* TASK ITEM
Going down the data below, set down exactly the line with "text \<open>A two-row" and each line after it through the line with "M M' \<longleftrightarrow>"; no other lines.

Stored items
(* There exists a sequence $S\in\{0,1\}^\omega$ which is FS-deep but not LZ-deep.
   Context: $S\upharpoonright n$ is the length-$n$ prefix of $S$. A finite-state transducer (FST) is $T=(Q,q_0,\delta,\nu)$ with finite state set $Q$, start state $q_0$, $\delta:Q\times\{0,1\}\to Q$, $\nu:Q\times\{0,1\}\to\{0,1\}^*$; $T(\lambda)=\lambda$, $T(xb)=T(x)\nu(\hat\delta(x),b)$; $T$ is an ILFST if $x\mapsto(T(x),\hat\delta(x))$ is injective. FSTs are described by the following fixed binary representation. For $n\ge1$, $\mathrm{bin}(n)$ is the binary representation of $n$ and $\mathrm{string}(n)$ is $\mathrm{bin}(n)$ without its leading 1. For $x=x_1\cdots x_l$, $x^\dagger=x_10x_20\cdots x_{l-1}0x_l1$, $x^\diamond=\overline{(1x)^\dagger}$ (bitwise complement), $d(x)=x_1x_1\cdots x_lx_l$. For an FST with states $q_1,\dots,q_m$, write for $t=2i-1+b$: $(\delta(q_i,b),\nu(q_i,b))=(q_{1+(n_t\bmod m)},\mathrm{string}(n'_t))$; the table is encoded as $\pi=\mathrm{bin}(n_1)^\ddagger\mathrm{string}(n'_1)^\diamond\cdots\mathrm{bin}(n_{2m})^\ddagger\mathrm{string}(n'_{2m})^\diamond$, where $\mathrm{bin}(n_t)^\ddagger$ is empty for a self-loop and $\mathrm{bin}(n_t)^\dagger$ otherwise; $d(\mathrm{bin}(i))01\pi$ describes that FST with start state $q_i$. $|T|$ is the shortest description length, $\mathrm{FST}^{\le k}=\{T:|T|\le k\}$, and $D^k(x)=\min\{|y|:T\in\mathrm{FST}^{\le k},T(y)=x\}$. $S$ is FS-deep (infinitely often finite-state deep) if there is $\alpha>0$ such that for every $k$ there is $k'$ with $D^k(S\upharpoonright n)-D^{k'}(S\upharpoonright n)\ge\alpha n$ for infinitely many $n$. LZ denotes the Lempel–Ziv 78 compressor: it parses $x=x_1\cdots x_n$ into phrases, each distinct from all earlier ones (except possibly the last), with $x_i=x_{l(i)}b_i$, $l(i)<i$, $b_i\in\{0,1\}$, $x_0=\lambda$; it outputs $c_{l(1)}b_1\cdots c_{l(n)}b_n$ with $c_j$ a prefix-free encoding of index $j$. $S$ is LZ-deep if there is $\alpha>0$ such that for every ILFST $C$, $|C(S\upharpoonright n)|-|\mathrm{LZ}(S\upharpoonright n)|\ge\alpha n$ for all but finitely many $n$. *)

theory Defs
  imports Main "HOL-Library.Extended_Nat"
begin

...

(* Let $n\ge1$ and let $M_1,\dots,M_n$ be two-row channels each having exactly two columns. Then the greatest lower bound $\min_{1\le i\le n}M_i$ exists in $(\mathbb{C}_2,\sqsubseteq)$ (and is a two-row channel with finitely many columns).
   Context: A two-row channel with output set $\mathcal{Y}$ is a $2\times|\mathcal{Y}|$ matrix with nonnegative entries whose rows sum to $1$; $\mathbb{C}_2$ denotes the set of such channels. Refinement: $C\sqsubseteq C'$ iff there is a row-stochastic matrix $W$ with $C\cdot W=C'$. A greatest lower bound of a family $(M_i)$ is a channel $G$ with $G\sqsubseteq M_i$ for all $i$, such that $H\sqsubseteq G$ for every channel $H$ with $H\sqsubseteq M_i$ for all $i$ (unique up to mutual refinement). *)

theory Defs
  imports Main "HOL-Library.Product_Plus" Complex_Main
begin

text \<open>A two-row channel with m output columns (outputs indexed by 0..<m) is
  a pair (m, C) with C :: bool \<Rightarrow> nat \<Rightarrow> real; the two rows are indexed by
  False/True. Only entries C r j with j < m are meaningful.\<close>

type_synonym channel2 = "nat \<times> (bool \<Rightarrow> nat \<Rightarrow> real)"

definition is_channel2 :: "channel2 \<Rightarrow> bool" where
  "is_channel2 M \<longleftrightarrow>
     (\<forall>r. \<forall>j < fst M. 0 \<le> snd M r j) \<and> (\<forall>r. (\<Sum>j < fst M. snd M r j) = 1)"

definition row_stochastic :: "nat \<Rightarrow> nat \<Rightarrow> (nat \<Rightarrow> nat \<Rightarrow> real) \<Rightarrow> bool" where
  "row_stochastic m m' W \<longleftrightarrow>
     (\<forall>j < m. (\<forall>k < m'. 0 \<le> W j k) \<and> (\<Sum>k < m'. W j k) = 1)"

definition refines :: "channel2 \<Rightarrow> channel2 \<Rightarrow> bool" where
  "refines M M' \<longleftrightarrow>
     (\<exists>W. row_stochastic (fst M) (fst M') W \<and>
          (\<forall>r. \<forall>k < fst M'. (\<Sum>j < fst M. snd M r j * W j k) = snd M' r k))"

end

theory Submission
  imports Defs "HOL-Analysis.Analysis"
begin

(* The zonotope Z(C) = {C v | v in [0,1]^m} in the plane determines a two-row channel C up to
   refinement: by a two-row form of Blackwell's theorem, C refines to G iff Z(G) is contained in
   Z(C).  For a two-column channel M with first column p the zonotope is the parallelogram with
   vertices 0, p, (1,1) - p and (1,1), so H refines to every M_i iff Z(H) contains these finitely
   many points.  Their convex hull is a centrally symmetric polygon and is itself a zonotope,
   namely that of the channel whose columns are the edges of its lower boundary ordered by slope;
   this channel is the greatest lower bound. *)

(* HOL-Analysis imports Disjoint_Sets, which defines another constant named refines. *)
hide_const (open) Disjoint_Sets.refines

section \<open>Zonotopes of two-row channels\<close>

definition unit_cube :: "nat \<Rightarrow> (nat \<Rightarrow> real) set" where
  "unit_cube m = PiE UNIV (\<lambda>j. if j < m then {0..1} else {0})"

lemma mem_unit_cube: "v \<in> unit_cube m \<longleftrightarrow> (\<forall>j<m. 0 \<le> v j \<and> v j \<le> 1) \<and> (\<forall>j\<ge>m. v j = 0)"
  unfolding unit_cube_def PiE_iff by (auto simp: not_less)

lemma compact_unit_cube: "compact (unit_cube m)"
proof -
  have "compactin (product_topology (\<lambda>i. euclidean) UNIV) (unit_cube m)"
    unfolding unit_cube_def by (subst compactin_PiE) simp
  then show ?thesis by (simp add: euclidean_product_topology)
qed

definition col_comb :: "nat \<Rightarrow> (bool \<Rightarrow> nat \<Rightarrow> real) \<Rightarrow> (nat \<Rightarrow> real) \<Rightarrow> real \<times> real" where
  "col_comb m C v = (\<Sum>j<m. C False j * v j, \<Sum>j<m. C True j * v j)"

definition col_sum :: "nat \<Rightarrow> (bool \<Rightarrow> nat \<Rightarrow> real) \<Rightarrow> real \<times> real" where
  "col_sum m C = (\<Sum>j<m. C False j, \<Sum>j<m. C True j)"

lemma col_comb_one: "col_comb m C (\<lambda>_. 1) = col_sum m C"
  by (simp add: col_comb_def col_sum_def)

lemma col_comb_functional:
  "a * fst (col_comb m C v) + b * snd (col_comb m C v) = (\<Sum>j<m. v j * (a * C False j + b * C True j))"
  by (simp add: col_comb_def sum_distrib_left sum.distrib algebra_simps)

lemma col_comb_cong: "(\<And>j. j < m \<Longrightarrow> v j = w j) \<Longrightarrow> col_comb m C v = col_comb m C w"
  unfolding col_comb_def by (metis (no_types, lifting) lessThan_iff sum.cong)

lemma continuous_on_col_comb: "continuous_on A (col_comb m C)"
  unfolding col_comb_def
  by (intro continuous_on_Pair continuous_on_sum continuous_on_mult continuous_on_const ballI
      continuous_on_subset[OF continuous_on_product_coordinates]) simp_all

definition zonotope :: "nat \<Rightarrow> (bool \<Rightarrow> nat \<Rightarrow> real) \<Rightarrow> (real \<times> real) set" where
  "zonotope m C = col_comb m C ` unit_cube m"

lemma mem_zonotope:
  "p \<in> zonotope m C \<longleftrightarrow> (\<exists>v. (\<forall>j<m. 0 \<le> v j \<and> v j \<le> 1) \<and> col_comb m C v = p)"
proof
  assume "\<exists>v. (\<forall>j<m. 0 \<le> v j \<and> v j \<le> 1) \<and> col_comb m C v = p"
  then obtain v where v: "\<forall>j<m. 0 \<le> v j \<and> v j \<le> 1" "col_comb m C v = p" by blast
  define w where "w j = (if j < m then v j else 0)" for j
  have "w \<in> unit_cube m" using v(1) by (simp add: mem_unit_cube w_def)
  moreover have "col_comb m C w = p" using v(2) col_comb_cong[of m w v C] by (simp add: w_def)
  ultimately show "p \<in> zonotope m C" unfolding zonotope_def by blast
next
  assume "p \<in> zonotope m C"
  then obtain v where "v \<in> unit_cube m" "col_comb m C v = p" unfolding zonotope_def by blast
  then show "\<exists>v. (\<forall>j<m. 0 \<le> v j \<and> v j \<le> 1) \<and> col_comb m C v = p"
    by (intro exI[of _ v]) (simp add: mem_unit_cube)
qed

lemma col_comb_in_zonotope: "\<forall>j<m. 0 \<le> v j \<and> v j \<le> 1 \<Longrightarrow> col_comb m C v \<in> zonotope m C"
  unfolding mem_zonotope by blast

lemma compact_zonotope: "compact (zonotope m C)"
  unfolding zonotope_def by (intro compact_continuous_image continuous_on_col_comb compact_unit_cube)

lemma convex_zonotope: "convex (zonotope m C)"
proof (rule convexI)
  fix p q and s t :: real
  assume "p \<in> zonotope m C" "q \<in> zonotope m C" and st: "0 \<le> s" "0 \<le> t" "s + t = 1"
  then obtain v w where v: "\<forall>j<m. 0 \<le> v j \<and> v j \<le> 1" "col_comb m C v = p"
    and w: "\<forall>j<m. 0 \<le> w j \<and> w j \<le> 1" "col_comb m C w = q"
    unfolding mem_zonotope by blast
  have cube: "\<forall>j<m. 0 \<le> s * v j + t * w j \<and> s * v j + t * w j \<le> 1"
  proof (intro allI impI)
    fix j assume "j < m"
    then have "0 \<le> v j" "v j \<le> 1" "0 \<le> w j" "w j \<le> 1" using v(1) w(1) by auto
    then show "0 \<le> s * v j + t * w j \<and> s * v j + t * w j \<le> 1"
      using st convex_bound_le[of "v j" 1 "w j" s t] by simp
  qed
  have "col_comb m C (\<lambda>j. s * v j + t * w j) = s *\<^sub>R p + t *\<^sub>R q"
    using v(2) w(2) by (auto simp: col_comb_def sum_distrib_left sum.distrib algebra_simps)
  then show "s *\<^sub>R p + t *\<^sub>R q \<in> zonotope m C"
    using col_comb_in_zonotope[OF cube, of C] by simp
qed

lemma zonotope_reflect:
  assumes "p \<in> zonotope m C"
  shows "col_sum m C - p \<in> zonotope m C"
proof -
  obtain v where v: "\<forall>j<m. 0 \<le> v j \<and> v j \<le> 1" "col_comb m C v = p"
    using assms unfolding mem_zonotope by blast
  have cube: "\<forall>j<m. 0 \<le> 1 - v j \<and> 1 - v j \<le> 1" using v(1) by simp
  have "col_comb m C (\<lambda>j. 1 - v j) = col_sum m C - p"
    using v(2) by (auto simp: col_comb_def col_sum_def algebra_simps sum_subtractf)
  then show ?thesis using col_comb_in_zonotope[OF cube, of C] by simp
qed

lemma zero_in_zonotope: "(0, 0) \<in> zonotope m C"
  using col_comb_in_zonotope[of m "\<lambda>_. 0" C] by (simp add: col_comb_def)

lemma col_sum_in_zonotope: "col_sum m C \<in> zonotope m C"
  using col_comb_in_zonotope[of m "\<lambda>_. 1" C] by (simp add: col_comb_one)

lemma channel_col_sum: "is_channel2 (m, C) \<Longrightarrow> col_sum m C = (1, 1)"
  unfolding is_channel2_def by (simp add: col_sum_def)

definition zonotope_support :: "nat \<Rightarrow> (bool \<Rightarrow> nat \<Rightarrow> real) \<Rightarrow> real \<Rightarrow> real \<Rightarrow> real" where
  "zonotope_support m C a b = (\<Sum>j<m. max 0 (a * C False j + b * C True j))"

==

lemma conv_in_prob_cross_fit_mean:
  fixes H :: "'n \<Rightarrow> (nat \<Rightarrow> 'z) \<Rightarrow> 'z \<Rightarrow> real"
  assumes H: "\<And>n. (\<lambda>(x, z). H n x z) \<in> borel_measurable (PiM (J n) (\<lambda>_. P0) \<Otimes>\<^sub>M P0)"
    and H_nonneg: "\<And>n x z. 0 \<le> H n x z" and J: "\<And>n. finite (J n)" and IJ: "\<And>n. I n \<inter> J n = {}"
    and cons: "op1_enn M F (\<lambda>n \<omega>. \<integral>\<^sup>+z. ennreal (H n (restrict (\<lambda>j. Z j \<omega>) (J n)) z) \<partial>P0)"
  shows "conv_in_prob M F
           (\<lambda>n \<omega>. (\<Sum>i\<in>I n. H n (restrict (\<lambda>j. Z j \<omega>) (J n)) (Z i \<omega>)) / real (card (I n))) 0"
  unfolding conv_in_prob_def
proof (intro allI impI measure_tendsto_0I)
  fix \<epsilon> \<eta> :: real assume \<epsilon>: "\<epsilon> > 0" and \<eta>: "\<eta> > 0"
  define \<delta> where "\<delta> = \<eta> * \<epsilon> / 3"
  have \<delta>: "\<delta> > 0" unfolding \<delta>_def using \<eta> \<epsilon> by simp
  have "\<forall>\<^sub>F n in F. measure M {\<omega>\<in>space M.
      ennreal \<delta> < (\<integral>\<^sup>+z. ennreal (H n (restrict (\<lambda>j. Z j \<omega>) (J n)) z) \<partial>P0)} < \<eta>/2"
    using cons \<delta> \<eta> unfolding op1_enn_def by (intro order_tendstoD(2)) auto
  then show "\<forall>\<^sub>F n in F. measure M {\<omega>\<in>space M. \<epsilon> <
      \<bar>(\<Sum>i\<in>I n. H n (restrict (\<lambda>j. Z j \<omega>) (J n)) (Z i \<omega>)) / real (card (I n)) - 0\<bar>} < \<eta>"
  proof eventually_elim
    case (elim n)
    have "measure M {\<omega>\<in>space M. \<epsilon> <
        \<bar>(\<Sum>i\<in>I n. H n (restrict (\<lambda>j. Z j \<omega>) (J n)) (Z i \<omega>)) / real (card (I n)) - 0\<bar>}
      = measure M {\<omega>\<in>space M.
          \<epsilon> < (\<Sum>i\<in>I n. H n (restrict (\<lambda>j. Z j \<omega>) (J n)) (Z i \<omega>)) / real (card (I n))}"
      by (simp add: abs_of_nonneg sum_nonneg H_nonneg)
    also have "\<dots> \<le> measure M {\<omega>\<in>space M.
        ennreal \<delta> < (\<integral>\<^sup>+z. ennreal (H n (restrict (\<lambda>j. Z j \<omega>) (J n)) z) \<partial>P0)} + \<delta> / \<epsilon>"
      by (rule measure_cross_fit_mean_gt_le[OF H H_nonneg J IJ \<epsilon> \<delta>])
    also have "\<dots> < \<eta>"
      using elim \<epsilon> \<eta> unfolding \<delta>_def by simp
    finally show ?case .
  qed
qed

* EXERCISE ANSWER
text \<open>A two-row channel with m output columns (outputs indexed by 0..<m) is
  a pair (m, C) with C :: bool \<Rightarrow> nat \<Rightarrow> real; the two rows are indexed by
  False/True. Only entries C r j with j < m are meaningful.\<close>

type_synonym channel2 = "nat \<times> (bool \<Rightarrow> nat \<Rightarrow> real)"

definition is_channel2 :: "channel2 \<Rightarrow> bool" where
  "is_channel2 M \<longleftrightarrow>
     (\<forall>r. \<forall>j < fst M. 0 \<le> snd M r j) \<and> (\<forall>r. (\<Sum>j < fst M. snd M r j) = 1)"

definition row_stochastic :: "nat \<Rightarrow> nat \<Rightarrow> (nat \<Rightarrow> nat \<Rightarrow> real) \<Rightarrow> bool" where
  "row_stochastic m m' W \<longleftrightarrow>
     (\<forall>j < m. (\<forall>k < m'. 0 \<le> W j k) \<and> (\<Sum>k < m'. W j k) = 1)"

definition refines :: "channel2 \<Rightarrow> channel2 \<Rightarrow> bool" where
  "refines M M' \<longleftrightarrow>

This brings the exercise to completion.